Tribuners adalah platform jurnalisme warga. Untuk berkontribusi, anda bisa mengirimkan karya dalam bentuk berita, opini, esai, maupun kolom ke email: redaksi@tribunnews.com.
Konten menjadi tanggungjawab penulis dan tidak mewakili pandangan redaksi tribunnews.com.
10 Jam Bersama Panglima TNI Menyusuri Kepulauan Terluar
Saya bersama Ketua DPD RI Oesman Sapta Odang serta anggota Komisi III Ahmad Sahroni turut dalam rombongan tersebut
Editor: Rachmat Hidayat
Oleh Ketua DPR Bambang Soesatyo
TRIBUNNEWS.COM, JAKARTA-Hujan dan langit gelap menyelimuti Jakarta, Senin (23/4/2018) pagi. Namun, kondisi tersebut tidak menyurutkan langkah Panglima TNI Marsekal Hadi Tjahjanto bersama para petinggi TNI lainnya meninjau keamanan daerah terluar di Indonesia, di Kepulauan Natuna.
Saya bersama Ketua DPD RI Oesman Sapta Odang serta anggota Komisi III Ahmad Sahroni turut dalam rombongan tersebut. Pukul 07.45 WIB pesawat Boeing 737-400 VIP TNI Angkatan Udara lepas landas dari Lanud TNI AU Halim Perdana Kusuma, Jakarta. Penerbangan dari Jakarta menuju Kepulauan Natuna ditempuh sekitar 1,5 jam.
Jelang memasuki kawasan ruang udara (Flight Information Region/FIR) Kepulauan Natuna, empat pesawat tempur F-16 bergabung untuk melakukan pengawalan. Dua pesawat F-16 berada di sisi kiri, dan dua lagi berada di sisi kanan.

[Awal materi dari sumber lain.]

lemma alexander_op_disc_power_bound:
  assumes n: "n \<ge> 1" and \<alpha>: "0 \<le> \<alpha>" and g: "g holomorphic_on disc"
    and G: "\<And>z. z \<in> disc \<Longrightarrow> cmod (g z) \<le> G"
  shows "bloch_norm \<alpha> (alexander_op g (disc_power n)) \<le> G * bloch_norm \<alpha> (disc_power n) / of_nat n"
proof -
  have P: "disc_hol0 (disc_power n)" using disc_hol0_disc_power[OF n] .
  have "cmod (g 0) \<le> G" using G by simp
  then have "0 \<le> G" by (meson norm_ge_zero order_trans)
  have "bloch_weight \<alpha> (alexander_op g (disc_power n)) z \<le> G * bloch_norm \<alpha> (disc_power n) / of_nat n"
    if z: "z \<in> disc" "z \<noteq> 0" for z
  proof -
    have "deriv (alexander_op g (disc_power n)) z = z ^ (n - 1) * g z"
      using deriv_alexander_op[OF P g z] z n by (simp add: disc_power_def power_eq_if)
    then have "bloch_weight \<alpha> (alexander_op g (disc_power n)) z
        = disc_weight \<alpha> z * (cmod z ^ (n - 1) * cmod (g z))"
      by (simp add: bloch_weight_eq norm_mult norm_power)
    also have "\<dots> \<le> disc_weight \<alpha> z * (cmod z ^ (n - 1) * G)"
      using disc_weight_pos[OF z(1), of \<alpha>] G[OF z(1)] by (intro mult_left_mono) auto
    also have "\<dots> = G * bloch_weight \<alpha> (disc_power n) z / of_nat n"
      using bloch_weight_disc_power[OF z(1)] n by simp
    also have "\<dots> \<le> G * bloch_norm \<alpha> (disc_power n) / of_nat n"
      using bloch_weight_le_bloch_norm[OF disc_power_bloch0(1)[OF n \<alpha>] z(1)] \<open>0 \<le> G\<close>
      by (intro divide_right_mono mult_left_mono) auto
    finally show ?thesis .
  qed
  moreover have "alexander_op g (disc_power n) holomorphic_on disc"
    using disc_hol0_alexander_op[OF P g] by (simp add: disc_hol0_def)
  ultimately show ?thesis
    by (intro bloch_norm_le) (rule bloch_weight_le_at_0)
qed

lemma approx_eigenvalue_alexander_op_0:
  assumes \<alpha>: "0 \<le> \<alpha>" and g: "g holomorphic_on disc" and G: "\<And>z. z \<in> disc \<Longrightarrow> cmod (g z) \<le> G"
  shows "approx_eigenvalue \<alpha> (alexander_op g) 0"
proof -
  define N where "N n = bloch_norm \<alpha> (disc_power (Suc n))" for n
  define c where "c n = complex_of_real (1 / N n)" for n
  define x where "x n z = c n * disc_power (Suc n) z" for n z
  have N: "0 < N n" for n
    unfolding N_def using disc_power_bloch0(2)[of "Suc n" \<alpha>] \<alpha> by simp
  then have c: "cmod (c n) = 1 / N n" for n
    unfolding c_def by (simp add: norm_divide order_less_imp_le)
  have P: "disc_power (Suc n) \<in> bloch0 \<alpha>" for n
    using disc_power_bloch0(1)[of "Suc n" \<alpha>] \<alpha> by simp
  have x: "x n \<in> bloch0 \<alpha>" "bloch_norm \<alpha> (x n) = 1" for n
    using bloch0_scale[OF P, of "c n"] N[of n] unfolding x_def[abs_def] c N_def by simp_all
  have le: "bloch_norm \<alpha> (\<lambda>z. alexander_op g (x n) z - 0 * x n z) \<le> G / real (Suc n)" for n
  proof -
    have "alexander_op g (x n) = (\<lambda>z. c n * alexander_op g (disc_power (Suc n)) z)"
      unfolding x_def by (rule alexander_op_scale[OF disc_hol0_disc_power g]) simp
    then have "bloch_norm \<alpha> (\<lambda>z. alexander_op g (x n) z - 0 * x n z)
        = (1 / N n) * bloch_norm \<alpha> (alexander_op g (disc_power (Suc n)))"
      using bloch0_scale(2)[OF alexander_op_bloch0(1)[OF P g G \<alpha>]] c by simp
    also have "\<dots> \<le> (1 / N n) * (G * N n / real (Suc n))"
      using alexander_op_disc_power_bound[of "Suc n" \<alpha> g G] \<alpha> g G N[of n] unfolding N_def
      by (intro mult_left_mono) auto
    also have "\<dots> = G / real (Suc n)" using N[of n] by simp
    finally show ?thesis .
  qed
  have nonneg: "0 \<le> bloch_norm \<alpha> (\<lambda>z. alexander_op g (x n) z - 0 * x n z)" for n
    using bloch_norm_nonneg[OF alexander_op_bloch0(1)[OF x(1) g G \<alpha>]] by simp
  have "(\<lambda>n. G / real (Suc n)) \<longlonglongrightarrow> 0"
    using LIMSEQ_Suc[OF lim_const_over_n[of G]] by simp
  from tendsto_sandwich[OF _ _ tendsto_const this]
  have "(\<lambda>n. bloch_norm \<alpha> (\<lambda>z. alexander_op g (x n) z - 0 * x n z)) \<longlonglongrightarrow> 0"
    using nonneg le by auto
  then show ?thesis unfolding approx_eigenvalue_def using x by blast
qed

section \<open>The integrating factor\<close>

definition alexander_exponent :: "(complex \<Rightarrow> complex) \<Rightarrow> complex \<Rightarrow> complex" where
  "alexander_exponent g z = contour_integral (linepath 0 z) (divz (\<lambda>w. g w - g 0))"

definition alexander_factor :: "(complex \<Rightarrow> complex) \<Rightarrow> complex \<Rightarrow> complex \<Rightarrow> complex" where
  "alexander_factor g \<beta> z = exp (\<beta> * alexander_exponent g z)"

lemma norm_divz_diff_bound:
  assumes g: "g holomorphic_on disc" and G: "\<And>z. z \<in> disc \<Longrightarrow> cmod (g z) \<le> G" and z: "z \<in> disc"
  shows "cmod (divz (\<lambda>w. g w - g 0) z) \<le> 4 * G"
  using disc_weight_divz_bound[OF g order_refl _ z, of G] G disc_weight_exponent_0 z by simp

lemma alexander_exponent_has_field_derivative:
  assumes g: "g holomorphic_on disc" and z: "z \<in> disc"
  shows "(alexander_exponent g has_field_derivative divz (\<lambda>w. g w - g 0) z) (at z)"
proof -
  have "(\<lambda>w. g w - g 0) holomorphic_on disc" using g by (intro holomorphic_intros)
  then have "divz (\<lambda>w. g w - g 0) holomorphic_on disc" by (rule holomorphic_on_divz) simp
  from contour_integral_linepath_0_has_field_derivative[OF this open_ball convex_ball _ z]
  show ?thesis unfolding alexander_exponent_def[abs_def] by simp
qed

lemma norm_alexander_exponent_le:
  assumes g: "g holomorphic_on disc" and G: "\<And>z. z \<in> disc \<Longrightarrow> cmod (g z) \<le> G" and z: "z \<in> disc"
  shows "cmod (alexander_exponent g z) \<le> 4 * G"
proof -
  have "cmod (alexander_exponent g z - alexander_exponent g 0) \<le> 4 * G * cmod (z - 0)"
  proof (rule field_differentiable_bound[OF convex_ball])
    fix w assume w: "w \<in> disc"
    show "(alexander_exponent g has_field_derivative divz (\<lambda>w. g w - g 0) w) (at w within disc)"
      using alexander_exponent_has_field_derivative[OF g w] by (rule has_field_derivative_at_within)
    show "cmod (divz (\<lambda>w. g w - g 0) w) \<le> 4 * G" by (rule norm_divz_diff_bound[OF g G w])
  qed (use z in simp_all)
  moreover have "0 \<le> G" using G[of 0] by (meson centre_in_ball norm_ge_zero order_trans zero_less_one)
  then have "4 * G * cmod z \<le> 4 * G" using z by (intro mult_right_le_one_le) auto
  ultimately show ?thesis by (simp add: alexander_exponent_def)
qed

lemma alexander_factor_has_field_derivative:
  assumes g: "g holomorphic_on disc" and z: "z \<in> disc"
  shows "(alexander_factor g \<beta> has_field_derivative
           \<beta> * divz (\<lambda>w. g w - g 0) z * alexander_factor g \<beta> z) (at z)"
  unfolding alexander_factor_def[abs_def]
  using alexander_exponent_has_field_derivative[OF g z] by (auto intro!: derivative_eq_intros)

lemma holomorphic_on_alexander_factor:
  assumes "g holomorphic_on disc"
  shows "alexander_factor g \<beta> holomorphic_on disc"
  unfolding holomorphic_on_open[OF open_ball]
  using alexander_factor_has_field_derivative[OF assms] by blast

lemma alexander_factor_nonzero: "alexander_factor g \<beta> z \<noteq> 0"
  by (simp add: alexander_factor_def)

lemma alexander_factor_bounds:
  assumes g: "g holomorphic_on disc" and G: "\<And>z. z \<in> disc \<Longrightarrow> cmod (g z) \<le> G"
  obtains B where "\<And>z. z \<in> disc \<Longrightarrow> cmod (alexander_factor g \<beta> z) \<le> B"
    "\<And>z. z \<in> disc \<Longrightarrow> cmod (deriv (alexander_factor g \<beta>) z) \<le> B"
    "\<And>z. z \<in> disc \<Longrightarrow> cmod (1 / alexander_factor g \<beta> z) \<le> B"
proof -
  define K where "K = exp (cmod \<beta> * (4 * G))"
  have "0 \<le> G" using G[of 0] by (meson centre_in_ball norm_ge_zero order_trans zero_less_one)
  have exp_le: "cmod (exp (c * (\<beta> * alexander_exponent g z))) \<le> K"
    if z: "z \<in> disc" and c: "cmod c = 1" for z c
  proof -
    have "Re (c * (\<beta> * alexander_exponent g z)) \<le> cmod (c * (\<beta> * alexander_exponent g z))"
      by (rule complex_Re_le_cmod)
    also have "\<dots> \<le> cmod \<beta> * (4 * G)"
      using norm_alexander_exponent_le[OF g G z] c by (simp add: norm_mult mult_left_mono)
    finally show ?thesis by (simp add: K_def)
  qed
  have E: "cmod (alexander_factor g \<beta> z) \<le> K" "cmod (1 / alexander_factor g \<beta> z) \<le> K"
    if z: "z \<in> disc" for z
    using exp_le[OF z, of 1] exp_le[OF z, of "-1"]
    by (simp_all add: alexander_factor_def exp_minus divide_inverse)
  have "cmod (deriv (alexander_factor g \<beta>) z) \<le> cmod \<beta> * (4 * G) * K" if z: "z \<in> disc" for z
  proof -
    have "cmod (deriv (alexander_factor g \<beta>) z)
        = cmod \<beta> * cmod (divz (\<lambda>w. g w - g 0) z) * cmod (alexander_factor g \<beta> z)"
      using DERIV_imp_deriv[OF alexander_factor_has_field_derivative[OF g z]] by (simp add: norm_mult)
    also have "\<dots> \<le> cmod \<beta> * (4 * G) * K"
      using norm_divz_diff_bound[OF g G z] E(1)[OF z] \<open>0 \<le> G\<close>
      by (intro mult_mono mult_left_mono) auto
    finally show ?thesis .
  qed
  then show ?thesis
    using E by (intro that[of "max K (cmod \<beta> * (4 * G) * K)"])
      (auto intro: max.coboundedI1 max.coboundedI2)
qed

lemma alexander_factor_multiplier:
  assumes g: "g holomorphic_on disc" and G: "\<And>z. z \<in> disc \<Longrightarrow> cmod (g z) \<le> G"
    and F: "F \<in> bloch0 \<alpha>" and \<alpha>: "0 \<le> \<alpha>"
  obtains M where "(\<lambda>z. alexander_factor g \<beta> z * F z) \<in> bloch0 \<alpha>"
    "bloch_norm \<alpha> (\<lambda>z. alexander_factor g \<beta> z * F z) \<le> M * bloch_norm \<alpha> F"
  using alexander_factor_bounds[OF g G, of \<beta>]
    bloch0_multiplier[OF F \<alpha> holomorphic_on_alexander_factor[OF g]] by metis

lemma disc_hol0_alexander_op_minus:
  assumes "disc_hol0 f" "g holomorphic_on disc"
  shows "disc_hol0 (\<lambda>z. alexander_op g f z - \<mu> * f z)"
  using disc_hol0_lincomb[OF disc_hol0_alexander_op[OF assms] assms(1), of "-\<mu>"] by simp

Pengawalan dilakukan agar pesawat yang kami tumpangi bisa mendarat dengan aman di Lanud Raden Sadjat Ranai, Kepulauan Natuna. Pasalnya, hingga kini FIR Natuna sektor A masih dipegang oleh otoritas Singapura. Sedangkan, FIR Natuna sektor B dan C dipegang Malaysia.
Kondisi ini sangat ironis. Karena, kedaulatan udara wilayah kita justru berada pada genggaman negara tetangga. DPR RI melalui UU No 1 Tahun 2009 tentang Penerbangan telah mengamanahkan selambatnya dalam jangka waktu 15 tahun, FIR Natuna sudah harus diambil alih oleh pemerintah Indonesia. Pemerintah mempunyai batas waktu hingga 2024.
Presiden Joko Widodo sendiri di awal pemerintahannya secara tegas menargetkan masalah FIR di Natuna dapat diambil alih Indonesia paling lambat di tahun 2019. Jokowi memberikan target lebih cepat dari yang diamanahkan UU.
Berbagai langkah dilakukan lintas kementerian untuk mewujudkan hal tersebut. Pemerintah Indonesia telah membentuk tiga tim, yaitu tim teknis, tim regulasi dan tim diplomasi. Tim telah melakukan berbagai perundingan dengan pihak Singapura dan Malaysia. Hasilnya cukup memuaskan. Jika tidak ada aral melintang, FIR sektor B dan C sudah bisa dipegang oleh Indonesia pada tahun ini.
Pengambilalihan FIR Natuna sangat penting, karena di Kepulauan Natuna sedang dibangun pangkalan militer untuk menjaga kedaulatan wilayah NKRI. Posisi Kepulauan Natuna yang menghadap Laut China Selatan sangat strategis dalam menjaga adanya intervensi asing ke Indonesia. Selain, mengantisipasi berbagai potensi ancaman yang datang dari kondisi politik global yang tak menentu.
Kegusaran yang sama dirasakan pula oleh Panglima TNI Marsekal Hadi Tjahjanto. Pengambil alihan FIR Natuna seperti menjadi pertempuran era modern dalam menjaga nafas NKRI.
Saya menegaskan, tidak hanya Panglima TNI yang tak rela kedaulatan bangsa kita dikontrol negara tetangga. DPR juga berpandangan yang sama.
Sangat aneh juga rasanya jika pangkalan militer di Natuna sudah beroperasi, namun setiap pergerakan pesawat tempur Indonesia harus izin terlebih dahulu kepada otoritas udara di Singapura. Bangsa dan negara kita seolah menjadi tidak mempunyai kemerdekaan dan kedaulatan.
Tinjau Kesiapan Prajurit
Usai mendarat di Pangkalan Udara Raden Sadjat Ranai, Kepulauan Natuna, rombongan Panglima TNI langsung bergerak menggunakan Helikopter EC-725. Tujuan kali ini menuju Pos Pengamanan Pulau Terluar sebelah utara Indonesia di Pulau Sekatung.